After 30 days of supplementation, using either one or two tablets/day of Quercefit, the subjects’ well-being and seasonal discomfort were evaluated according to the GINA (Global Initiative for Asthma) classification system. Quercefit was shown to maintain normal parameters related to diurnal and nocturnal respiration with particular regard to breath function (Peak Expiratory Flow).

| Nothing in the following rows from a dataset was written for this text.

lemma lstm_orbit_bounded: "bounded (range (\<lambda>k. ((\<lambda>x. lstm_f P x u) ^^ k) x0))"
proof -
  let ?F = "\<lambda>x. lstm_f P x u"
  obtain s where s: "0 \<le> s" "s < 1"
    and forget: "\<forall>h\<in>cbox (-1) 1. \<forall>i. sigmoid ((Wf P *v u + Uf P *v h + bf P) $ i) \<le> s"
    using lstm_forget_gate_uniformly_less_1 by blast
  define c where "c k = fst ((?F ^^ Suc k) x0)" for k
  define R where "R = max (norm (c 0)) (1 / (1 - s))"
  have hidden: "snd ((?F ^^ Suc k) x0) \<in> cbox (-1) 1" for k
    by (simp add: lstm_hidden_in_unit_box)
  have cell: "\<bar>c k $ i\<bar> \<le> R" for k i
  proof -
    have "\<bar>c k $ i\<bar> \<le> max \<bar>c 0 $ i\<bar> (1 / (1 - s))"
      using s lstm_cell_affine_bound[OF forget hidden]
      by (intro bounded_by_affine_contraction) (simp_all add: c_def)
    then show ?thesis
      using component_le_norm_cart[of "c 0" i] unfolding R_def by linarith
  qed
  have "(?F ^^ Suc k) x0 \<in> cbox (- vec R) (vec R) \<times> cbox (-1) 1" for k
    using cell[of k] hidden[of k] unfolding mem_Times_iff mem_box_cart c_def
    by (simp add: abs_le_iff del: funpow.simps) (meson minus_le_iff)
  then have "range (\<lambda>k. (?F ^^ Suc k) x0) \<subseteq> cbox (- vec R) (vec R) \<times> cbox (-1) 1"
    by blast
  then have "bounded (range (\<lambda>k. (?F ^^ Suc k) x0))"
    by (rule bounded_subset[OF bounded_Times[OF bounded_cbox bounded_cbox]])
  moreover have "range (\<lambda>k. (?F ^^ k) x0) \<subseteq> insert x0 (range (\<lambda>k. (?F ^^ Suc k) x0))"
  proof
    fix z assume "z \<in> range (\<lambda>k. (?F ^^ k) x0)"
    then obtain k where "z = (?F ^^ k) x0" by blast
    then show "z \<in> insert x0 (range (\<lambda>k. (?F ^^ Suc k) x0))"
      by (cases k) (auto simp del: funpow.simps)
  qed
  ultimately show ?thesis using bounded_subset bounded_insert by blast
qed

lemma traj_constant_input: "traj P x0 (\<lambda>_. u) k = ((\<lambda>x. lstm_f P x u) ^^ k) x0"
  by (induction k) auto

lemma deltaISS_constant_input:
  assumes "deltaISS P X U" "u \<in> U"
  shows "\<exists>\<beta>. classKL \<beta> \<and> (\<forall>a\<in>X. \<forall>b\<in>X. \<forall>k.
    dist (((\<lambda>x. lstm_f P x u) ^^ k) a) (((\<lambda>x. lstm_f P x u) ^^ k) b) \<le> \<beta> (dist a b) k)"
proof -
  obtain \<beta> \<gamma> where "classKL \<beta>" "classKinf \<gamma>" and iss:
    "\<And>k a b ua ub. a \<in> X \<Longrightarrow> b \<in> X \<Longrightarrow> (\<forall>h. ua h \<in> U) \<Longrightarrow> (\<forall>h. ub h \<in> U) \<Longrightarrow>
       norm (traj P a ua k - traj P b ub k)
       \<le> \<beta> (norm (a - b)) k + \<gamma> (Max (insert 0 ((\<lambda>h. norm (ua h - ub h)) ` {..<k})))"
    using assms(1) unfolding deltaISS_def by blast
  have "\<gamma> 0 = 0" using \<open>classKinf \<gamma>\<close> unfolding classKinf_def classK_def by blast
  moreover have "Max (insert 0 ((\<lambda>h. norm (u - u)) ` {..<k})) = (0::real)" for k :: nat
    by (cases "k = 0") (auto simp: image_constant_conv)
  ultimately have "norm (traj P a (\<lambda>_. u) k - traj P b (\<lambda>_. u) k) \<le> \<beta> (norm (a - b)) k"
    if "a \<in> X" "b \<in> X" for a b k
    using iss[OF that, of "\<lambda>_. u" "\<lambda>_. u" k] \<open>u \<in> U\<close> by simp
  then show ?thesis
    using \<open>classKL \<beta>\<close> unfolding dist_norm traj_constant_input[symmetric] by blast
qed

The supplementary use of Quercefit, along with the use of the best available remedy — while optimising general comfort management and minimising oxidative stress — resulted in a very good safety profile.11

In a second human study focusing on local skin irritations, Quercefit was administrated for just 3 days, followed by a local histamine skin stimulus. Compared with the control group, only the healthy volunteers supplemented with Quercefit showed a statistically significant dose-dependent regulation of the local skin conditions as well as a reduction in capillary filtration (data not shown).

Excellent safety profile

A preliminary human study was conducted with Quercefit to investigate any interactions with standard synthetic drugs and control any possible harmful effects.

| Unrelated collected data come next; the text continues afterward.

lemma ret_cherry_at_unique:
  assumes "ret_cherry_at A X lf w i j" "ret_cherry_at A X lf u i j \<or> ret_cherry_at A X lf u j i"
  shows "u = w"
proof -
  obtain h where ij: "i \<in> X" "j \<in> X" and "(w, lf j) \<in> A" "is_ret A h" "(h, lf i) \<in> A"
    using assms(1) unfolding ret_cherry_at_def by blast
  then have parents: "{p. (p, lf j) \<in> A} = {w}" "{p. (p, lf i) \<in> A} = {h}"
    using single_parent lf_leaf by blast+
  from assms(2) consider "(u, lf j) \<in> A" | "(u, lf i) \<in> A" "is_tree_node A u"
    unfolding ret_cherry_at_def by blast
  then show ?thesis
  proof cases
    case 2
    then have "u = h" using parents(2) by blast
    with 2 \<open>is_ret A h\<close> show ?thesis using node_kinds_disjoint by blast
  qed (use parents(1) in blast)
qed

lemma mu_ordered_if_ret_cherry_at:
  assumes "ret_cherry_at A X lf w i j" "x \<noteq> lf i" "x \<noteq> lf j"
  shows "mu x i \<le> mu x 0 \<and> mu x j \<le> mu x i"
proof -
  obtain h where ij: "i \<in> X" "j \<in> X" and "(w, lf j) \<in> A" "(w, h) \<in> A" "is_ret A h" "(h, lf i) \<in> A"
    using assms(1) unfolding ret_cherry_at_def by blast
  moreover have "{p. (p, lf j) \<in> A} = {w}" "{p. (p, lf i) \<in> A} = {h}"
    using calculation single_parent lf_leaf by blast+
  ultimately have "mu x i = npaths A x h" "mu x j = npaths A x w" "h \<in> VH V A"
    using assms(2,3) mu_label npaths_unfold_predecessors[OF finite_A acyclic_A] arc_in_V
    by (auto simp: VH_def)
  then show ?thesis
    using npaths_le_mu_zero npaths_mono_arc[OF finite_A acyclic_A \<open>(w, h) \<in> A\<close>] by simp
qed

lemma ret_cherry_mset_if_ret_cherry_at:
  assumes "ret_cherry_at A X lf w i j" "i \<noteq> j"
  shows "ret_cherry_mset n (mu_rep n V A X lf) i j"
proof -
  have "w \<in> VT V A"
    using assms(1) arc_in_V unfolding ret_cherry_at_def VT_def by blast
  then have "{u \<in> VT V A. mu u = delta n {0, i, j}} = {w}"
    using mu_ret_cherry_at[OF assms] ret_cherry_at_if_mu_eq_delta
      ret_cherry_at_unique[OF assms(1)] by blast
  moreover have "mu x i \<le> mu x 0 \<and> mu x j \<le> mu x i"
    if "mu x \<noteq> delta n {i}" "mu x \<noteq> delta n {j}" for x
  proof (rule mu_ordered_if_ret_cherry_at[OF assms(1)])
    have "i \<in> X" "j \<in> X" using assms(1) unfolding ret_cherry_at_def by blast+
    then show "x \<noteq> lf i" "x \<noteq> lf j" using that mu_leaf by auto
  qed
  ultimately show ?thesis
    unfolding ret_cherry_mset_def count_mu_rep by (auto simp: mu_rep_def)
qed

lemma not_ret_cherry_mset_if_ret_cherry_at_swapped:
  assumes "ret_cherry_at A X lf u j i" "i \<noteq> j"
  shows "\<not> ret_cherry_mset n (mu_rep n V A X lf) i j"
proof
  assume rc: "ret_cherry_mset n (mu_rep n V A X lf) i j"
  obtain h where ij: "i \<in> X" "j \<in> X" and u: "is_tree_node A u" "(u, lf i) \<in> A" "(u, h) \<in> A"
    and h: "is_ret A h" "(h, lf j) \<in> A"
    using assms(1) unfolding ret_cherry_at_def by blast
  obtain q where q: "q \<noteq> u" "{p. (p, h) \<in> A} = {u, q}"
    using ret_other_parent[OF h(1) u(3)] .
  then have qh: "(q, h) \<in> A" by blast
  obtain r where r: "r \<in> V" "is_root A r" using unique_root by blast
  then obtain t where "(r, t) \<in> A" using has_child node_kinds_disjoint by blast
  then have t: "{v. (r, v) \<in> A} = {t}" using single_child r(2) by blast
  have tVT: "t \<in> VT V A" using root_child_in_VT[OF r t] .
  have "q \<noteq> r"
  proof
    assume "q = r"
    then have "h = t" using t qh by blast
    with tVT h(1) show False using node_kinds_disjoint by (auto simp: VT_def)
  qed
  then have reach: "(t, u) \<in> A\<^sup>*" "(t, q) \<in> A\<^sup>*"
    using root_child_reaches[OF r t] u(1,3) r(2) qh arc_in_V node_kinds_disjoint by blast+
  have "\<not> is_leaf A t" using leaf_rtrancl[of t u] reach(1) u(1) node_kinds_disjoint by blast
  then have "t \<noteq> lf i" "t \<noteq> lf j" "t \<noteq> h"
    using tVT lf_leaf ij h(1) node_kinds_disjoint by (auto simp: VT_def)
  moreover have "{p. (p, lf i) \<in> A} = {u}" "{p. (p, lf j) \<in> A} = {h}"
    using u(2) h(2) single_parent lf_leaf ij by blast+
  ultimately have mu_t: "mu t i = npaths A t u" "mu t j = npaths A t h"
    "npaths A t h = npaths A t u + npaths A t q"
    using ij q mu_label npaths_unfold_predecessors[OF finite_A acyclic_A] by auto
  have "0 < npaths A t q" using reach(2) npaths_pos_iff_rtrancl[OF finite_A acyclic_A] by blast
  moreover have "npaths A t h \<le> mu t 0"
    using npaths_le_mu_zero h(1) u(3) arc_in_V by (simp add: VH_def)
  ultimately have "mu t \<noteq> delta n {i}" "mu t \<noteq> delta n {j}"
    using mu_t assms(2) label_range[OF ij(2)] by (auto simp: delta_def)
  moreover have "mu t \<in># mu_rep n V A X lf"
    using tVT finite_V by (simp add: mu_rep_def VT_def)
  ultimately have "mu t j \<le> mu t i" using rc unfolding ret_cherry_mset_def by blast
  with mu_t \<open>0 < npaths A t q\<close> show False by simp
qed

The results suggest that Quercefit might not alter the activity of the most common antiplatelet agents (acetylsalicylic acid, ticlopidine or clopidogrel after 10 days of supplementation), has no impact in stable patients treated with warfarin or dabigatran after 20 days of supplementation and might not influence the metabolic control of diabetic patients taking metformin.12


  1. A.N. Panche, et al., “Flavonoids: An Overview,” Journal of Nutritional Science 5: e47, 2016: www.ncbi.nlm.nih.gov/ pmc/articles/PMC5465813.
  2. J. Cao, et al., “The Relationship Between Fasting Plasma Concentrations of Selected Flavonoids and Their Ordinary Dietary Intake,” Br. J. Nutr. 103, 249–255 (2010).
  3. N. Chondrogianni et al., “Antiageing and Rejuvenating Effects of Quercetin,” Exp. Gerontol. 45(10), 763–771 (2010).
  4. M. Chopra, et al., “Nonalcoholic Red Wine Extract and Quercetin Inhibit LDL Oxidation without Affecting Plasma Antioxidant Vitamin and Carotenoid Concentrations,” Clin. Chem. 46(8), 1162–70 (2000).
  5. I. Erlund, et al., “Pharmacokinetics of Quercetin from Quercetin Aglycone and Rutin in Healthy Volunteers,” Eur. J. Clin. Pharmacol. 56(8), 545–553 (2000).
  6. W. Wang, et al., “The Biological Activities, Chemical Stability, Metabolism and Delivery Systems of Quercetin: A Review,” Trends Food Sci. Technol. 56, 21–38 (2016).
  7. G. D’Andrea, “Quercetin: A Flavonol with Multifaceted Therapeutic Applications?” Fitoterapia 106, 256–271 (2015).
  8. S. Khaerunnisa, et al., “Potential Inhibitor of COVID-19 Main Protease (Mpro) from Several Medicinal Plant Compounds by Molecular Docking Study,” (2020): www.preprints.org/manuscript/202003.0226/v1.
  9. A. Riva, et al., “Improved Oral Absorption of Quercetin from Quercetin Phytosome, a New Delivery System Based on Food Grade Lecithin,” Eur. J. Drug Metab. Pharmacokinet. (2018): doi: 10.1007/s13318-018-0517-3.
  10. A. Riva, et al., “Quercetin Phytosome in Triathlon Athletes: A Pilot Registry Study,” Minerva Medica 109(4), 285–289 (2018).
  11. M.R. Cesarone, et al., “Supplementary Prevention and Management of Asthma with Quercetin Phytosome: A Pilot Registry,” Minerva Medica 110(6), 524–529 (2019).
  12. A. Riva, et al., “Interaction Study Between Antiplatelet Agents, Anticoagulants, Diabetic Therapy and a Novel Delivery Form of Quercetin,” Minerva Cardioangiol. 67(1), 79–83 (2019).